◆ **PROBLEM DETAILS**
Go through the entries below and work out how many lines include "subseteq"; give only that number.

Entries taken from a collection:
[Start of section]

lemma error_le: "prob n (\<lambda>x. iprr_output n f \<epsilon> c \<beta> sel x \<noteq> f x) \<le> \<epsilon>"
proof -
  define P where "P x = revealed x (halt_time x)" for x
  define H where "H \<pi> y = (if majority n (restrict_fun f \<pi>) \<noteq> f y then 1 else 0 :: real)" for \<pi> y
  have "prob n (\<lambda>x. iprr_output n f \<epsilon> c \<beta> sel x \<noteq> f x) = expect n (\<lambda>x. H (P x) x)"
    by (simp add: prob_eq_expect output_eq_majority H_def P_def)
  also have "\<dots> = expect n (\<lambda>x. expect n (\<lambda>z. H (P x) (override (P x) z)))"
  proof (rule expect_by_revealed)
    show "b = x i" if "P x i = Some b" for x i b
      using that unfolding P_def by (rule revealed_consistent)
    show "P y = P x" if "\<And>i. P x i \<noteq> None \<Longrightarrow> y i = x i" for x y
      using that unfolding P_def by (rule revealed_halt_time_agree)
  qed
  also have "\<dots> = expect n (\<lambda>x. bias n (restrict_fun f (P x)))"
  proof -
    have "expect n (\<lambda>z. H \<pi> (override \<pi> z)) = prob n (\<lambda>z. restrict_fun f \<pi> z \<noteq> majority n (restrict_fun f \<pi>))"
      for \<pi>
      unfolding prob_eq_expect H_def restrict_fun_override
      by (rule arg_cong[where f = "expect n"]) (auto simp: fun_eq_iff)
    then show ?thesis
      by (simp only: prob_ne_majority)
  qed
  also have "\<dots> \<le> \<epsilon>"
    using expect_mono[of n _ "\<lambda>_. \<epsilon>"] halt_time_stop by (simp add: P_def)
  finally show ?thesis .
qed

definition level :: "(nat \<Rightarrow> bool) \<Rightarrow> nat \<Rightarrow> nat" where
  "level x t = visits x t (chosen x t)"

lemma theta_chosen: "theta x t (chosen x t) = \<beta> * level x t"
  by (simp add: theta_eq_visits level_def)

lemma level_le: "level x t \<le> t"
proof -
  have "{k. k < t \<and> chosen x k = chosen x t} \<subseteq> {..<t}"
    by auto
  then show ?thesis
    unfolding level_def visits_def by (metis card_lessThan card_mono finite_lessThan)
qed

lemma visits_less:
  assumes "t1 < t2"
  shows "visits x t1 (chosen x t1) < visits x t2 (chosen x t1)"
proof -
  have "{k. k < t1 \<and> chosen x k = chosen x t1} \<subseteq> {k. k < t2 \<and> chosen x k = chosen x t1}"
    "t1 \<in> {k. k < t2 \<and> chosen x k = chosen x t1} - {k. k < t1 \<and> chosen x k = chosen x t1}"
    using assms by auto
  then show ?thesis
    unfolding visits_def by (intro psubset_card_mono) auto
qed

lemma inj_on_chosen_level: "inj_on (chosen x) {t. level x t = l}"
proof (rule inj_onI)
  fix t1 t2 assume "t1 \<in> {t. level x t = l}" "t2 \<in> {t. level x t = l}" "chosen x t1 = chosen x t2"
  then have "visits x t1 (chosen x t1) = visits x t2 (chosen x t1)"
    "visits x t2 (chosen x t2) = visits x t1 (chosen x t2)"
    by (simp_all add: level_def)
  then show "t1 = t2"
    using visits_less[of t1 t2 x] visits_less[of t2 t1 x] by (metis less_irrefl linorder_neqE_nat)
qed

lemma chosen_free_later:
  assumes "t0 \<le> t" "t < halt_time x"
  shows "chosen x t \<in> free_coords n (revealed x t0)"
proof -
  have "running x (Suc t)"
    using running_halt_time assms(2) by (auto simp: running_def)
  then have "chosen x t < n" "revealed x t (chosen x t) = None"
    using chosen_min_free(1) by (simp_all add: free_coords_def)
  then show ?thesis
    using revealed_mono[OF assms(1), of x "chosen x t"]
    by (cases "revealed x t0 (chosen x t)") (auto simp: free_coords_def)
qed

lemma card_level_le_free:
  assumes "{t. t < halt_time x \<and> level x t = l} \<noteq> {}"
  obtains t0 where "t0 < halt_time x" "level x t0 = l"
    "card {t. t < halt_time x \<and> level x t = l} \<le> card (free_coords n (revealed x t0))"
proof -
  define L where "L = {t. t < halt_time x \<and> level x t = l}"
  define t0 where "t0 = Min L"
  have "finite L"
    by (simp add: L_def)
  then have t0: "t0 \<in> L" "\<forall>t\<in>L. t0 \<le> t"
    using assms by (simp_all add: t0_def L_def[symmetric])
  have "inj_on (chosen x) L"
    by (rule inj_on_subset[OF inj_on_chosen_level[of x l]]) (auto simp: L_def)
  moreover have "chosen x ` L \<subseteq> free_coords n (revealed x t0)"
    using t0(2) chosen_free_later by (auto simp: L_def)
  ultimately have "card L \<le> card (free_coords n (revealed x t0))"
    by (rule card_inj_on_le) (simp add: free_coords_def)
  with t0(1) show ?thesis
    by (intro that[of t0]) (simp_all add: L_def)
qed

lemma level_below_free_cost:
  assumes "t < halt_time x" "0 < level x t" "j \<in> free_coords n (revealed x t)"
  shows "\<beta> * level x t < c j"
proof -
  have "running x (Suc t)"
    using running_halt_time assms(1) by (auto simp: running_def)
  then have "\<beta> * level x t \<le> theta x t j"
    using chosen_min_free(2) assms(3) by (simp add: theta_chosen)
  moreover have "0 < \<beta> * level x t"
    using \<beta>_pos assms(2) by simp
  ultimately show ?thesis
    using free_theta_lt_cost[of x t j] assms(3) by (simp add: free_coords_def)
qed

lemma card_level_0_le: "card {t. t < halt_time x \<and> level x t = 0} \<le> n"
proof (cases "{t. t < halt_time x \<and> level x t = 0} = {}")
  case False
  then obtain t0 where "card {t. t < halt_time x \<and> level x t = 0} \<le> card (free_coords n (revealed x t0))"
    by (rule card_level_le_free)
  also have "\<dots> \<le> n"
    using card_mono[of "{..<n}" "free_coords n (revealed x t0)"] by (auto simp: free_coords_def)
  finally show ?thesis .
next
  case True
  then show ?thesis
    by (simp only: card.empty le0)
qed

lemma card_level_le_certificate:
  assumes x: "x \<in> cube n" and cert: "certificate n f x Q" and "0 < l"
  shows "card {t. t < halt_time x \<and> level x t = l} \<le> 20 * ln (1 / \<epsilon>) * card {j \<in> Q. \<beta> * l < c j}"
proof (cases "{t. t < halt_time x \<and> level x t = l} = {}")
  case True
  then show ?thesis
    using \<epsilon>_pos \<epsilon>_le by (simp only: card.empty) simp
next
  case False
  then obtain t0 where t0: "t0 < halt_time x" "level x t0 = l"
    and card_le: "card {t. t < halt_time x \<and> level x t = l} \<le> card (free_coords n (revealed x t0))"
    by (rule card_level_le_free)
  have running: "running x (Suc t0)"
    using running_halt_time t0(1) by (auto simp: running_def)
  then have "running x t0"
    by (simp add: running_def)
  then have dom: "\<forall>i. revealed x t0 i \<noteq> None \<longrightarrow> i < n"
    using revealed_less by blast
  have bias: "\<epsilon> < bias n (restrict_fun f (revealed x t0))"
    using running by (simp add: running_def)
  have "Q \<inter> free_coords n (revealed x t0) \<subseteq> {j \<in> Q. \<beta> * l < c j}"
    using level_below_free_cost[OF t0(1)] t0(2) \<open>0 < l\<close> by auto
  then have "card (Q \<inter> free_coords n (revealed x t0)) \<le> card {j \<in> Q. \<beta> * l < c j}"
    using cert by (intro card_mono) (auto simp: certificate_def finite_subset)
  moreover have "card (free_coords n (revealed x t0))
      \<le> 20 * ln (1 / \<epsilon>) * card (Q \<inter> free_coords n (revealed x t0))"
    using revealed_consistent
    by (intro card_free_le_certificate[OF symmetric x dom _ cert \<epsilon>_pos \<epsilon>_le bias]) blast
  moreover have "0 \<le> ln (1 / \<epsilon>)"
    using \<epsilon>_pos \<epsilon>_le by simp
  ultimately show ?thesis
    using card_le by (smt (verit) mult_left_mono of_nat_mono)
qed

lemma halt_time_eq_sum_levels:
  "real (halt_time x) = card {t. t < halt_time x \<and> level x t = 0}
     + (\<Sum>l=1..halt_time x. real (card {t. t < halt_time x \<and> level x t = l}))"
proof -
  have "card {t. t < halt_time x} = card {t \<in> {t. t < halt_time x}. level x t = 0}
      + (\<Sum>l=1..halt_time x. card {t \<in> {t. t < halt_time x}. level x t = l})"
    by (intro card_eq_sum_fibres) (auto intro: order_trans[OF level_le] less_imp_le)
  then show ?thesis
    by (simp only: card_Collect_less_nat mem_Collect_eq flip: of_nat_add of_nat_sum)
qed

lemma halt_time_le_certificate:
  assumes x: "x \<in> cube n" and cert: "certificate n f x Q"
  shows "\<beta> * halt_time x \<le> \<beta> * n + 20 * ln (1 / \<epsilon>) * (\<Sum>j\<in>Q. c j)"
proof -
  define K where "K = 20 * ln (1 / \<epsilon>)"
  define T where "T = halt_time x"
  have K: "0 \<le> K"
    using \<epsilon>_pos \<epsilon>_le by (simp add: K_def)
  have Q: "finite Q" "\<forall>j\<in>Q. 0 \<le> c j"
    using cert cost_nonneg by (auto simp: certificate_def finite_subset)
  have "real T = real (card {t. t < T \<and> level x t = 0}) + (\<Sum>l=1..T. real (card {t. t < T \<and> level x t = l}))"
    unfolding T_def by (rule halt_time_eq_sum_levels)
  also have "\<dots> \<le> n + (\<Sum>l=1..T. K * card {j \<in> Q. \<beta> * l < c j})"
    using card_level_0_le[of x] card_level_le_certificate[OF x cert]
    by (intro add_mono sum_mono) (auto simp: T_def K_def)
  also have "\<dots> = n + K * (\<Sum>j\<in>Q. card {l \<in> {1..T}. \<beta> * l < c j})"
    using arg_cong[OF sum_card_swap[OF finite_atLeastAtMost[of 1 T] Q(1), of "\<lambda>l j. \<beta> * l < c j"], of real]
    by (simp add: sum_distrib_left[symmetric])
  finally have "\<beta> * T \<le> \<beta> * (n + K * (\<Sum>j\<in>Q. card {l \<in> {1..T}. \<beta> * l < c j}))"
    using \<beta>_pos by (simp only: mult_le_cancel_left_pos)
  also have "\<dots> = \<beta> * n + K * (\<Sum>j\<in>Q. \<beta> * card {l \<in> {1..T}. \<beta> * l < c j})"
    by (simp add: distrib_left sum_distrib_left mult.left_commute)
  also have "\<dots> \<le> \<beta> * n + K * (\<Sum>j\<in>Q. c j)"
    using card_multiples_below_le[OF \<beta>_pos] Q(2) K by (intro add_left_mono mult_left_mono sum_mono) auto
  finally show ?thesis
    by (simp add: T_def K_def)
qed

[End of section]

◆ **EXERCISE RESULT**
4